#### AIM OF THE TASK
Beneath this line is the data. Output exactly the lines from the line with "followed by the" to the line with "else W i (k", both ends included, and nothing more.

#### EXTRACTED MATERIAL
(* There exist universal constants $a>0$ and $c_0>0$ such that the following holds. In the setting described in the context, let $\lambda\ge0$ and $\lambda_0\ge c_0\sigma^2\log(ep)/n$, and let $(\hat\alpha,\hat{\boldsymbol\beta})$ be a global minimiser of $\frac1n\|\boldsymbol y-\alpha\mathbf 1-\boldsymbol X\boldsymbol\beta\|_2^2+\lambda_0\|\boldsymbol\beta\|_0+\lambda\sum_{j=1}^q|\{\beta_k:k\in\mathcal I_j\}|$. For $t>0$ and integer $0\le s\le p$ define the event $$E_1(t,s)=\Big\{\frac4n\sup_{\boldsymbol\beta\in\mathbb R^p:\|\boldsymbol\beta\|_0=s}\Big(\boldsymbol\epsilon^\top\frac{\boldsymbol X(\hat{\boldsymbol\beta}-\boldsymbol\beta)}{\|\boldsymbol X(\hat{\boldsymbol\beta}-\boldsymbol\beta)\|_2}\Big)^2-\lambda_0\|\hat{\boldsymbol\beta}\|_0>\frac tn\Big\}.$$ Then for all $t>0$ and $0\le s\le p$, $\mathbb P(E_1(t,s))\le4\exp\big(-\frac{t}{a\sigma^2}+2s\log(3ep)\big)$.
   Context: Setting: $q\ge1$ categorical predictors, the $j$-th taking values in $[p_j]$, and $N\ge0$ continuous predictors; $p=N+\sum_jp_j$. The deterministic design $\boldsymbol X\in\mathbb R^{n\times p}$ has $i$-th row $(\mathbf 1(C^{(i)}_1=1),\dots,\mathbf 1(C^{(i)}_1=p_1),\dots,\mathbf 1(C^{(i)}_q=p_q),W^{(i)}_1,\dots,W^{(i)}_N)$ where $C^{(i)}_j\in[p_j]$ are the categorical values and $W^{(i)}_l$ the continuous values of observation $i$; $\mathcal I_1=\{1,\dots,p_1\}$, $\mathcal I_2=\{p_1+1,\dots,p_1+p_2\}$, etc. $\boldsymbol y=\mathbf f^*+\boldsymbol\epsilon$ with deterministic $\mathbf f^*\in\mathbb R^n$ and $\boldsymbol\epsilon\sim\mathcal N(\mathbf 0,\sigma^2\boldsymbol I_n)$. Expressions of the form $0/0$ are treated as $0$. Universal constants do not depend on $n,p,q,N,\sigma,\mathbf f^*,\boldsymbol X,\lambda,\lambda_0,t,s$. *)

theory Defs
  imports "HOL-Probability.Probability"
begin

text \<open>Conventions: observations are indexed by i < n, columns by k < p (0-based),
categorical predictors by j < q (0-based); categorical values are in {1..pj j}.
Vectors are functions nat => real; only the relevant indices matter.\<close>

definition cat_offset :: "(nat \<Rightarrow> nat) \<Rightarrow> nat \<Rightarrow> nat" where
  "cat_offset pj j = (\<Sum>j'<j. pj j')"

definition cat_block :: "(nat \<Rightarrow> nat) \<Rightarrow> nat \<Rightarrow> nat set" where
  "cat_block pj j = {cat_offset pj j ..< cat_offset pj (Suc j)}"

definition num_cols :: "nat \<Rightarrow> (nat \<Rightarrow> nat) \<Rightarrow> nat \<Rightarrow> nat" where
  "num_cols q pj N = N + (\<Sum>j<q. pj j)"

text \<open>Design matrix entry X i k: one-hot encodings of the categorical values C i j,
followed by the continuous values W i l.\<close>
definition design :: "nat \<Rightarrow> (nat \<Rightarrow> nat) \<Rightarrow> (nat \<Rightarrow> nat \<Rightarrow> nat) \<Rightarrow> (nat \<Rightarrow> nat \<Rightarrow> real)
    \<Rightarrow> nat \<Rightarrow> nat \<Rightarrow> real" where
  "design q pj C W i k =
     (if k < cat_offset pj q
      then (if (\<exists>j<q. k = cat_offset pj j + (C i j - 1)) then 1 else 0)
      else W i (k - cat_offset pj q))"

definition l0norm :: "nat \<Rightarrow> (nat \<Rightarrow> real) \<Rightarrow> nat" where
  "l0norm p \<beta> = card {k. k < p \<and> \<beta> k \<noteq> 0}"

definition matvec :: "nat \<Rightarrow> (nat \<Rightarrow> nat \<Rightarrow> real) \<Rightarrow> (nat \<Rightarrow> real) \<Rightarrow> nat \<Rightarrow> real" where
  "matvec p X \<beta> i = (\<Sum>k<p. X i k * \<beta> k)"

definition inner_n :: "nat \<Rightarrow> (nat \<Rightarrow> real) \<Rightarrow> (nat \<Rightarrow> real) \<Rightarrow> real" where
  "inner_n n u v = (\<Sum>i<n. u i * v i)"

definition norm_n :: "nat \<Rightarrow> (nat \<Rightarrow> real) \<Rightarrow> real" where
  "norm_n n v = sqrt (\<Sum>i<n. (v i)\<^sup>2)"

definition objective :: "nat \<Rightarrow> nat \<Rightarrow> nat \<Rightarrow> (nat \<Rightarrow> nat) \<Rightarrow> (nat \<Rightarrow> nat \<Rightarrow> real)
    \<Rightarrow> (nat \<Rightarrow> real) \<Rightarrow> real \<Rightarrow> real \<Rightarrow> real \<Rightarrow> (nat \<Rightarrow> real) \<Rightarrow> real" where
  "objective n p q pj X y lam0 lam \<alpha> \<beta> =
     (1 / real n) * (\<Sum>i<n. (y i - \<alpha> - matvec p X \<beta> i)\<^sup>2)
     + lam0 * real (l0norm p \<beta>)
     + lam * (\<Sum>j<q. real (card (\<beta> ` cat_block pj j)))"

definition is_global_minimiser ::
  "nat \<Rightarrow> nat \<Rightarrow> nat \<Rightarrow> (nat \<Rightarrow> nat) \<Rightarrow> (nat \<Rightarrow> nat \<Rightarrow> real)
    \<Rightarrow> (nat \<Rightarrow> real) \<Rightarrow> real \<Rightarrow> real \<Rightarrow> real \<times> (nat \<Rightarrow> real) \<Rightarrow> bool" where
  "is_global_minimiser n p q pj X y lam0 lam m \<longleftrightarrow>
     (\<forall>\<alpha> \<beta>. objective n p q pj X y lam0 lam (fst m) (snd m) \<le> objective n p q pj X y lam0 lam \<alpha> \<beta>)"

definition gauss_noise :: "nat \<Rightarrow> real \<Rightarrow> (nat \<Rightarrow> real) measure" where
  "gauss_noise n \<sigma> = PiM {..<n} (\<lambda>_. density lborel (normal_density 0 \<sigma>))"

text \<open>The event E_1(t,s) (as a set of noise realisations), for a selection betahat of
global minimisers (betahat eps = (alphahat, betahat) computed from y = f* + eps).
Division by zero yields 0 in Isabelle, matching the convention 0/0 = 0.\<close>
definition event_E1 :: "nat \<Rightarrow> nat \<Rightarrow> (nat \<Rightarrow> nat \<Rightarrow> real) \<Rightarrow> real \<Rightarrow> real
    \<Rightarrow> ((nat \<Rightarrow> real) \<Rightarrow> real \<times> (nat \<Rightarrow> real)) \<Rightarrow> real \<Rightarrow> nat \<Rightarrow> (nat \<Rightarrow> real) set" where
  "event_E1 n p X \<sigma> lam0 est t s =
     {\<epsilon> \<in> space (gauss_noise n \<sigma>).
        4 / real n * (SUP \<beta>\<in>{\<beta>::nat \<Rightarrow> real. l0norm p \<beta> = s}.
            (inner_n n \<epsilon> (matvec p X (\<lambda>k. snd (est \<epsilon>) k - \<beta> k))
              / norm_n n (matvec p X (\<lambda>k. snd (est \<epsilon>) k - \<beta> k)))\<^sup>2)
        - lam0 * real (l0norm p (snd (est \<epsilon>))) > t / real n}"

#### OUTPUT BELOW
followed by the continuous values W i l.\<close>
definition design :: "nat \<Rightarrow> (nat \<Rightarrow> nat) \<Rightarrow> (nat \<Rightarrow> nat \<Rightarrow> nat) \<Rightarrow> (nat \<Rightarrow> nat \<Rightarrow> real)
    \<Rightarrow> nat \<Rightarrow> nat \<Rightarrow> real" where
  "design q pj C W i k =
     (if k < cat_offset pj q
      then (if (\<exists>j<q. k = cat_offset pj j + (C i j - 1)) then 1 else 0)
      else W i (k - cat_offset pj q))"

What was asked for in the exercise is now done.